WHAT YOU ARE ASKED TO DO:
From the line containing "y). x \<in> X" down to the line containing "set \<Rightarrow> 'c" in the records below, reproduce every line exactly, ends included, and omit all others.

--- --- ---

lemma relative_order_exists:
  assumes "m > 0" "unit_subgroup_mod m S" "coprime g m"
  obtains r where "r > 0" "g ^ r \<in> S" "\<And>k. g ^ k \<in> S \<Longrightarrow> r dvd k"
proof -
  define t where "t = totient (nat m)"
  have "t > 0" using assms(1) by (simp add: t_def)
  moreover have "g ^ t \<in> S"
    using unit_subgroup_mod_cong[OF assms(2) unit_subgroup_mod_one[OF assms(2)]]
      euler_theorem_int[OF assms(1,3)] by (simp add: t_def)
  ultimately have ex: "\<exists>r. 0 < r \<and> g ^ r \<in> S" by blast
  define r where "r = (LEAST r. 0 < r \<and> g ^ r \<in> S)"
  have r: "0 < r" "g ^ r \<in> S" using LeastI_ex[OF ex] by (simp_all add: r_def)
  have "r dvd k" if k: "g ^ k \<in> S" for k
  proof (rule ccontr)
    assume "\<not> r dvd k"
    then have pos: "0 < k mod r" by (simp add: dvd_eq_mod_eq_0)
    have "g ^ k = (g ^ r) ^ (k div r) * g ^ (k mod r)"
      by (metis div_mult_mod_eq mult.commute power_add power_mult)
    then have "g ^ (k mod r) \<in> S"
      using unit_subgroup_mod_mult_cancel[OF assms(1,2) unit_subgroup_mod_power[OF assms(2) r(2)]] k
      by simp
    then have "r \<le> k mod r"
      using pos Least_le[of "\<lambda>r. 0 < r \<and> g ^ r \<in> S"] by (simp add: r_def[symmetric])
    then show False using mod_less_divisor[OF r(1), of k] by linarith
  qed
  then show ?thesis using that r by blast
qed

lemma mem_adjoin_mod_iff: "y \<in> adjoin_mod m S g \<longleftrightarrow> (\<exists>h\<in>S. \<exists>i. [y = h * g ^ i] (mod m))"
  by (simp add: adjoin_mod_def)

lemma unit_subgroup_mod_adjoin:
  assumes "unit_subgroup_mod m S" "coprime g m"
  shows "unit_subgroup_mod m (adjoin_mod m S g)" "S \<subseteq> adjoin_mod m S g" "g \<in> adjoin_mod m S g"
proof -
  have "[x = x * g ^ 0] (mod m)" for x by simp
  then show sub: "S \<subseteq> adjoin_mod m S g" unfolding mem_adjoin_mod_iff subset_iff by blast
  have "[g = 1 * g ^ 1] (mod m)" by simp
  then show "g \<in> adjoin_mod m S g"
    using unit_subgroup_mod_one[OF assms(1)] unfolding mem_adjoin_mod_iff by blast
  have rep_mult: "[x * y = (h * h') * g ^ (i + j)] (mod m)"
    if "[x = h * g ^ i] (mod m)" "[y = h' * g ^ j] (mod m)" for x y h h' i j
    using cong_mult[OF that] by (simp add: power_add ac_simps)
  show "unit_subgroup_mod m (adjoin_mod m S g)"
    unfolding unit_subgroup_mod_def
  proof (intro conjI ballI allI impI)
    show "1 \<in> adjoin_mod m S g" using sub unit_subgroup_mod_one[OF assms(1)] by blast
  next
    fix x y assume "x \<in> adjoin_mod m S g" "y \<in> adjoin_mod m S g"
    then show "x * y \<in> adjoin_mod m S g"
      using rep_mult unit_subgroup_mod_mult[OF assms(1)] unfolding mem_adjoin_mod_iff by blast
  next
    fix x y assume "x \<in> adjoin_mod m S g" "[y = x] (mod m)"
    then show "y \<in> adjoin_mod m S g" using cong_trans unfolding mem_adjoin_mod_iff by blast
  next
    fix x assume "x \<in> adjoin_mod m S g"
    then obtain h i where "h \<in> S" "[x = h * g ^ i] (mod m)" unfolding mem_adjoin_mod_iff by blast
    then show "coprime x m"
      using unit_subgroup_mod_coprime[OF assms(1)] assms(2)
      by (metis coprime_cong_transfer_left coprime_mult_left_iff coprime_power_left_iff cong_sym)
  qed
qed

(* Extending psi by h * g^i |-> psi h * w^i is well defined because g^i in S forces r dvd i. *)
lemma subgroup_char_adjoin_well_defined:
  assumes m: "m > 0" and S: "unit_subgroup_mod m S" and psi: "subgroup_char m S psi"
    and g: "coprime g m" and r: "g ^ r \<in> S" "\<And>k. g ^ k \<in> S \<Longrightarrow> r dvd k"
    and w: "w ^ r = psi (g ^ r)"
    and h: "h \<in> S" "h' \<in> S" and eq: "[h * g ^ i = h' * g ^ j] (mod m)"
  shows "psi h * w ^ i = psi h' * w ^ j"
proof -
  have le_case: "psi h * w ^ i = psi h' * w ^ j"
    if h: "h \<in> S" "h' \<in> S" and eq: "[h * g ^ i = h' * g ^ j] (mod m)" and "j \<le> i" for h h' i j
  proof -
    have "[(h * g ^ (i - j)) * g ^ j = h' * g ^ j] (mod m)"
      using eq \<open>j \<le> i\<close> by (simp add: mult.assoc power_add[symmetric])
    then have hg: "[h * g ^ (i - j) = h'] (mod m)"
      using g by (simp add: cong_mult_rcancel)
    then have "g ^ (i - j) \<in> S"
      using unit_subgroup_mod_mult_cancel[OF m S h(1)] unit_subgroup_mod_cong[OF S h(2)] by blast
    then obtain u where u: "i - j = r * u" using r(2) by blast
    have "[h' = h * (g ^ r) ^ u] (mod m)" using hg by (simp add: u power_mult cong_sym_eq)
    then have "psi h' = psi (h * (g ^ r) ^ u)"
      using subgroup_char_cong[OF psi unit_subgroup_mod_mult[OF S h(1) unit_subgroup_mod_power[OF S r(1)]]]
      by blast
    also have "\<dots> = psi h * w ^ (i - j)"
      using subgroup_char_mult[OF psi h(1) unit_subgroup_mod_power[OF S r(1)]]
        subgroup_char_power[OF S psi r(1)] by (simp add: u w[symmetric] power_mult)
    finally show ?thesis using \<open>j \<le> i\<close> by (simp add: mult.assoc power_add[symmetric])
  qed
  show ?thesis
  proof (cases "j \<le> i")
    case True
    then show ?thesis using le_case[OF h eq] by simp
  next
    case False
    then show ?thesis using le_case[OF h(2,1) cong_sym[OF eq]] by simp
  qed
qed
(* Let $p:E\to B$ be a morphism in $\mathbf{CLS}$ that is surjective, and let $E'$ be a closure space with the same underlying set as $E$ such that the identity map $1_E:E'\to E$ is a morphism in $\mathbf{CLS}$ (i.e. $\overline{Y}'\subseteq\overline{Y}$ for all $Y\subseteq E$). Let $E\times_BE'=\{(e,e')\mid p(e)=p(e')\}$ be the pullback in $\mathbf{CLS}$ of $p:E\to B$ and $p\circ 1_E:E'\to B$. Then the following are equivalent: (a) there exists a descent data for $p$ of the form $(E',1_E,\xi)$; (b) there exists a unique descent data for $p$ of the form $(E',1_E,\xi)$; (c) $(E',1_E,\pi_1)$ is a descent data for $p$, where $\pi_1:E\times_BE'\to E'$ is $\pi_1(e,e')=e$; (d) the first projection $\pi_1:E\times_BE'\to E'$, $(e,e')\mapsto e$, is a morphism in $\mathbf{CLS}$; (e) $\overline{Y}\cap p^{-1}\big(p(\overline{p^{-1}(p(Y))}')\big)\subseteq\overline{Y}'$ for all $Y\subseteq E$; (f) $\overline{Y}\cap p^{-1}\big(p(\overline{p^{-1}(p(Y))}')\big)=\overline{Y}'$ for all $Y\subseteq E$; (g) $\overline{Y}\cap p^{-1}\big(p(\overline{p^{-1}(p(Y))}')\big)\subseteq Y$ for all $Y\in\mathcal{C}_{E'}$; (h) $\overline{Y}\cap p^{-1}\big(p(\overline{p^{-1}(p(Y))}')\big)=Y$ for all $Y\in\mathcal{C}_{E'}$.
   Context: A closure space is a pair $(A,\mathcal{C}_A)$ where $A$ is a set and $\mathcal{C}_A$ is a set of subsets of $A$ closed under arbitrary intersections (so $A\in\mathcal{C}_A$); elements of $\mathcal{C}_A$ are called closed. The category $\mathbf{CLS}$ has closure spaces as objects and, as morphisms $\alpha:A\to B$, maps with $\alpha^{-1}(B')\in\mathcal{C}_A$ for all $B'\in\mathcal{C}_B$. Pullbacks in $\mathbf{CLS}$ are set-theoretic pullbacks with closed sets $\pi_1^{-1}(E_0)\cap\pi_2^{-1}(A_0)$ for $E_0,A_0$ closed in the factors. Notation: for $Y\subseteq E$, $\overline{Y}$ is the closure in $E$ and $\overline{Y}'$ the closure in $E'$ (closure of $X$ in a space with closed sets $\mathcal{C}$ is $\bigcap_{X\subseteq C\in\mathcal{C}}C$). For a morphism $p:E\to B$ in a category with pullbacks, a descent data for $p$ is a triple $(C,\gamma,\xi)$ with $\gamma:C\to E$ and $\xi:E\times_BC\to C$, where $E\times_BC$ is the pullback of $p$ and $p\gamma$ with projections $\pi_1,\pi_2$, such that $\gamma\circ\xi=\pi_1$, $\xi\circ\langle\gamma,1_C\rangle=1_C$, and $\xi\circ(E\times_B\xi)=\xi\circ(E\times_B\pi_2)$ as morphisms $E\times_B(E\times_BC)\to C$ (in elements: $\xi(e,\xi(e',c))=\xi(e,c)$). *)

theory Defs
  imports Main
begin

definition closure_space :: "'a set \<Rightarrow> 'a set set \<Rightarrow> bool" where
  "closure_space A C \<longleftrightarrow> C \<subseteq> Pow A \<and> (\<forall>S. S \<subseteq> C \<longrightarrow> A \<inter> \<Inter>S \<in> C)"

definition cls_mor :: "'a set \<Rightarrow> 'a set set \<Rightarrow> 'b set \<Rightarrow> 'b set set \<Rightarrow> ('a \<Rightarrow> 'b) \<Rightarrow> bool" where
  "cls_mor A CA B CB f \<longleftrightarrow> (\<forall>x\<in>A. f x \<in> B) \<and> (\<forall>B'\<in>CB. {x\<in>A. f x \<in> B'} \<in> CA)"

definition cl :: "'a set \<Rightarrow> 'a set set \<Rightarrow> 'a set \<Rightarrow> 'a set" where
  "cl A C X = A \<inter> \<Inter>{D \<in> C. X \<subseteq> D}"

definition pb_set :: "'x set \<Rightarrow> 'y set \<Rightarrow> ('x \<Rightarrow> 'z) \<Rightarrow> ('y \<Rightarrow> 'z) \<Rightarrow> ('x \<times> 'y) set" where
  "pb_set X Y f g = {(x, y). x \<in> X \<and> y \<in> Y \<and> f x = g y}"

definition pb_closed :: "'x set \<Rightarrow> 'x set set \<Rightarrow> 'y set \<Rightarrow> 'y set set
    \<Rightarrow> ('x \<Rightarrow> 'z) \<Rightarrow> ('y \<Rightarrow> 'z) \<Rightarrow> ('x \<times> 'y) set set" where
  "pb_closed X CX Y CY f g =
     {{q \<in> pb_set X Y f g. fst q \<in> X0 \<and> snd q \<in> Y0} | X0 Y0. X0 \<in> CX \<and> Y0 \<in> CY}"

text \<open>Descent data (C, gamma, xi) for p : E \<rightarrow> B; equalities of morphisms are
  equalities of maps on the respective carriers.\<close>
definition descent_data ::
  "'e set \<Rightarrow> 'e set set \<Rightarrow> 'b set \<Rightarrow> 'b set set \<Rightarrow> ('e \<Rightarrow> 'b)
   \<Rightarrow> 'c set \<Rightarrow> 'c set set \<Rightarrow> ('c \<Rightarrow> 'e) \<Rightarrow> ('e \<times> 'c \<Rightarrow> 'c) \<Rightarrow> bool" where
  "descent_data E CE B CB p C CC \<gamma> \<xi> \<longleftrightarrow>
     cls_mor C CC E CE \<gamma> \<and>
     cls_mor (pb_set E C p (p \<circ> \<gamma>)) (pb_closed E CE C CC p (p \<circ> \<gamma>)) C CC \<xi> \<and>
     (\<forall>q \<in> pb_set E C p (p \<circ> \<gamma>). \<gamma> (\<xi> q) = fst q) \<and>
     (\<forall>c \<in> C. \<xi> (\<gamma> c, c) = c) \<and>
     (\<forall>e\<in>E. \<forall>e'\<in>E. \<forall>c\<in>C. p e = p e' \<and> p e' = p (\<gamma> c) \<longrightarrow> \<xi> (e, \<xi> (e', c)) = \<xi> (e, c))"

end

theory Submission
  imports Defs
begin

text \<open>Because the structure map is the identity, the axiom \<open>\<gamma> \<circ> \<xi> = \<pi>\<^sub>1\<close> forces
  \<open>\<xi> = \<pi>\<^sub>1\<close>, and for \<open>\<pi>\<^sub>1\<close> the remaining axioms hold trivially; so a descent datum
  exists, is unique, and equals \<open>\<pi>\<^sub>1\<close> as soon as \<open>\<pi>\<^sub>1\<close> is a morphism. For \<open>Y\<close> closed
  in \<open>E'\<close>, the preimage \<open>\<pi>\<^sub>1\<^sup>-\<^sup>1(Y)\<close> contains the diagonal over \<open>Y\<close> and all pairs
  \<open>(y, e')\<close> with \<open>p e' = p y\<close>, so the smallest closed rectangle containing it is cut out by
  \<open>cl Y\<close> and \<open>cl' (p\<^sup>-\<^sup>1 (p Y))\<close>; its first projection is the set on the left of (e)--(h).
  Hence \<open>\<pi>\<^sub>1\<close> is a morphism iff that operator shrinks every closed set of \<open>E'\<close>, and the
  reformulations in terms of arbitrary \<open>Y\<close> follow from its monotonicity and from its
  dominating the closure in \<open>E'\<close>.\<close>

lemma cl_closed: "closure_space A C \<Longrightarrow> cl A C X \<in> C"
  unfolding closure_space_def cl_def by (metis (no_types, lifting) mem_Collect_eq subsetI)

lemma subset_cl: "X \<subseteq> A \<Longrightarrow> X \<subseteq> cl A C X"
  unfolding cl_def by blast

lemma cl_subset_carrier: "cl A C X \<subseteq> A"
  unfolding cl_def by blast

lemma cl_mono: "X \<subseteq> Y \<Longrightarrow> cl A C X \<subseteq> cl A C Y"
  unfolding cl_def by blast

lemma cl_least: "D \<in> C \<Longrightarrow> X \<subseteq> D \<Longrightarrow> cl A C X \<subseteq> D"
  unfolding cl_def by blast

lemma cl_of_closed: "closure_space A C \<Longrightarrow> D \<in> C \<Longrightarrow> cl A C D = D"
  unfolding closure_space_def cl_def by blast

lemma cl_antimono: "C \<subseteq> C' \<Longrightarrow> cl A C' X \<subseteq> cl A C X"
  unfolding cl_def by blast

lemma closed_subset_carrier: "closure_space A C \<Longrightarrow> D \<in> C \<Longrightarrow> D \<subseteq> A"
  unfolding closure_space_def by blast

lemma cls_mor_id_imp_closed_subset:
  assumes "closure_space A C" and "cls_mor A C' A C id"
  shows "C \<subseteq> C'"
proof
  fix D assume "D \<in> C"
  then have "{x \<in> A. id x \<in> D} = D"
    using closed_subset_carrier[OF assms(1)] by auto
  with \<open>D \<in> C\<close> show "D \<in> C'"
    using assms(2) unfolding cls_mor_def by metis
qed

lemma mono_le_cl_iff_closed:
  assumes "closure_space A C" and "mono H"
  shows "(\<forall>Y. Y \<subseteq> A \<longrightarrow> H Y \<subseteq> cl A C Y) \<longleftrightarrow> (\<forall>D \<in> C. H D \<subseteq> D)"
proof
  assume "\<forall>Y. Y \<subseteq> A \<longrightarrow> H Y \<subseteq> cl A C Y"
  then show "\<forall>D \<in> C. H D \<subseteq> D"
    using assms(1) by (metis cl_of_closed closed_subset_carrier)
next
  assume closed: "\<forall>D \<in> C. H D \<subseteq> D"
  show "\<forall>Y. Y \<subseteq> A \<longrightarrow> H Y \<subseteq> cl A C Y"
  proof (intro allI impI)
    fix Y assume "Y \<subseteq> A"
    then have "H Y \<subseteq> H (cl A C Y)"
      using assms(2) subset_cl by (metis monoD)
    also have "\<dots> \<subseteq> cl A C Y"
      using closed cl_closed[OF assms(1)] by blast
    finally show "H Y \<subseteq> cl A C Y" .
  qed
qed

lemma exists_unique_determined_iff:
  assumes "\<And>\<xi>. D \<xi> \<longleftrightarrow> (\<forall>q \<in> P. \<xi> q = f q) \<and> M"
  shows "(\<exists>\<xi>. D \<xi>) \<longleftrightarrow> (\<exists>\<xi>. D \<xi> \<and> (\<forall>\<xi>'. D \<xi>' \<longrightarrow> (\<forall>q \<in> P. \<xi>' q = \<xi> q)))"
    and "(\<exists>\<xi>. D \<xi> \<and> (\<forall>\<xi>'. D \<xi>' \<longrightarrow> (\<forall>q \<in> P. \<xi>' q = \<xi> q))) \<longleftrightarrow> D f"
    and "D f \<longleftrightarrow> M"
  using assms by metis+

--- --- ---

EXERCISE OUTPUT:
  "pb_set X Y f g = {(x, y). x \<in> X \<and> y \<in> Y \<and> f x = g y}"

definition pb_closed :: "'x set \<Rightarrow> 'x set set \<Rightarrow> 'y set \<Rightarrow> 'y set set
    \<Rightarrow> ('x \<Rightarrow> 'z) \<Rightarrow> ('y \<Rightarrow> 'z) \<Rightarrow> ('x \<times> 'y) set set" where
  "pb_closed X CX Y CY f g =
     {{q \<in> pb_set X Y f g. fst q \<in> X0 \<and> snd q \<in> Y0} | X0 Y0. X0 \<in> CX \<and> Y0 \<in> CY}"

text \<open>Descent data (C, gamma, xi) for p : E \<rightarrow> B; equalities of morphisms are
  equalities of maps on the respective carriers.\<close>
definition descent_data ::
  "'e set \<Rightarrow> 'e set set \<Rightarrow> 'b set \<Rightarrow> 'b set set \<Rightarrow> ('e \<Rightarrow> 'b)
   \<Rightarrow> 'c set \<Rightarrow> 'c set set \<Rightarrow> ('c \<Rightarrow> 'e) \<Rightarrow> ('e \<times> 'c \<Rightarrow> 'c) \<Rightarrow> bool" where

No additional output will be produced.